● **Problem to work on**: Count the lines below containing "that"; state the number only.

● **Records for the task**:
definition ClopSUp :: "'a topology \<Rightarrow> ('a \<Rightarrow> 'a \<Rightarrow> bool) \<Rightarrow> 'a set set" where
  "ClopSUp T le = {U. clopenin T U \<and> scott_upset T le U}"

definition way_below :: "'a topology \<Rightarrow> ('a \<Rightarrow> 'a \<Rightarrow> bool) \<Rightarrow> 'a set \<Rightarrow> 'a set \<Rightarrow> bool" where
  "way_below T le V U \<longleftrightarrow> V \<in> ClopUp T le \<and> U \<in> ClopUp T le \<and>
     (\<forall>W. openin T W \<and> upset T le W \<and> U \<subseteq> T closure_of W \<longrightarrow> V \<subseteq> W)"

definition ker :: "'a topology \<Rightarrow> ('a \<Rightarrow> 'a \<Rightarrow> bool) \<Rightarrow> 'a set \<Rightarrow> 'a set" where
  "ker T le U = \<Union>{V \<in> ClopUp T le. way_below T le V U}"

definition core :: "'a topology \<Rightarrow> ('a \<Rightarrow> 'a \<Rightarrow> bool) \<Rightarrow> 'a set \<Rightarrow> 'a set" where
  "core T le U = \<Union>{V \<in> ClopSUp T le. V \<subseteq> U}"

definition algebraic_L_space :: "'a topology \<Rightarrow> ('a \<Rightarrow> 'a \<Rightarrow> bool) \<Rightarrow> bool" where
  "algebraic_L_space T le \<longleftrightarrow> L_space T le
     \<and> (\<forall>U\<in>ClopUp T le. U \<subseteq> T closure_of (core T le U))"

definition kernel_stable :: "'a topology \<Rightarrow> ('a \<Rightarrow> 'a \<Rightarrow> bool) \<Rightarrow> bool" where
  "kernel_stable T le \<longleftrightarrow>
     (\<forall>U\<in>ClopUp T le. \<forall>V\<in>ClopUp T le. ker T le (U \<inter> V) = ker T le U \<inter> ker T le V)"

definition arithmetic_L_space :: "'a topology \<Rightarrow> ('a \<Rightarrow> 'a \<Rightarrow> bool) \<Rightarrow> bool" where
  "arithmetic_L_space T le \<longleftrightarrow> algebraic_L_space T le \<and> kernel_stable T le"

end

theory Submission
  imports Defs
begin

text \<open>In an algebraic L-space the kernel of a clopen upset U coincides with its core. Every clopen
  Scott upset K is way below itself: its minimal points (which exist by Zorn's lemma and
  compactness) are spatial, so any open upset whose closure contains K already contains K.
  Conversely, core U is an open upset whose closure contains U, so whatever is way below U lies
  in core U. Since U is a Scott upset exactly when
  core U = U, kernel-stability says that core commutes with binary intersections, which holds
  precisely when clopen Scott upsets are closed under intersection.\<close>

lemma compact_space_Inter_chain_nonempty:
  assumes "compact_space X" and closed: "\<And>C. C \<in> \<C> \<Longrightarrow> closedin X C"
    and nonempty: "\<And>C. C \<in> \<C> \<Longrightarrow> C \<noteq> {}" and chain: "chain\<^sub>\<subseteq> \<C>"
  shows "\<Inter>\<C> \<noteq> {}"
proof -
  have finite_Inter: "\<Inter>\<F> \<noteq> {}" if "finite \<F>" "\<F> \<subseteq> \<C>" for \<F>
  proof (cases "\<F> = {}")
    case False
    have "subset.chain \<C> \<F>"
      using chain that(2) unfolding chain_subset_def subset_chain_def by blast
    then have "\<Inter>\<F> \<in> \<F>"
      using Inter_in_chain that(1) False by blast
    then show ?thesis using nonempty that(2) by blast
  qed simp
  show ?thesis
  proof (rule assms(1)[unfolded compact_space_fip, THEN spec[of _ \<C>], THEN mp])
    show "Ball \<C> (closedin X) \<and> (\<forall>\<F>. finite \<F> \<and> \<F> \<subseteq> \<C> \<longrightarrow> \<Inter>\<F> \<noteq> {})"
      using closed finite_Inter by blast
  qed
qed

lemma closedin_downset_of_singleton:
  assumes P: "priestley_space T le" and a: "a \<in> topspace T"
  shows "closedin T (downset_of T le {a})"
proof -
  have "\<exists>U. openin T U \<and> y \<in> U \<and> U \<subseteq> topspace T - downset_of T le {a}"
    if y: "y \<in> topspace T" "y \<notin> downset_of T le {a}" for y
  proof -
    have "\<not> le y a" using y by (simp add: downset_of_def)
    with P y(1) a obtain U where U: "U \<in> ClopUp T le" "y \<in> U" "a \<notin> U"
      unfolding priestley_space_def by blast
    then have "openin T U" "upset T le U" by (simp_all add: ClopUp_def clopenin_def)
    then have "U \<subseteq> topspace T - downset_of T le {a}"
      using U(3) a unfolding upset_def downset_of_def by blast
    with \<open>openin T U\<close> U(2) show ?thesis by blast
  qed
  then have "openin T (topspace T - downset_of T le {a})"
    by (subst openin_subopen) blast
  then show ?thesis
    by (simp add: closedin_def downset_of_def)
qed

● **Completed task**: 4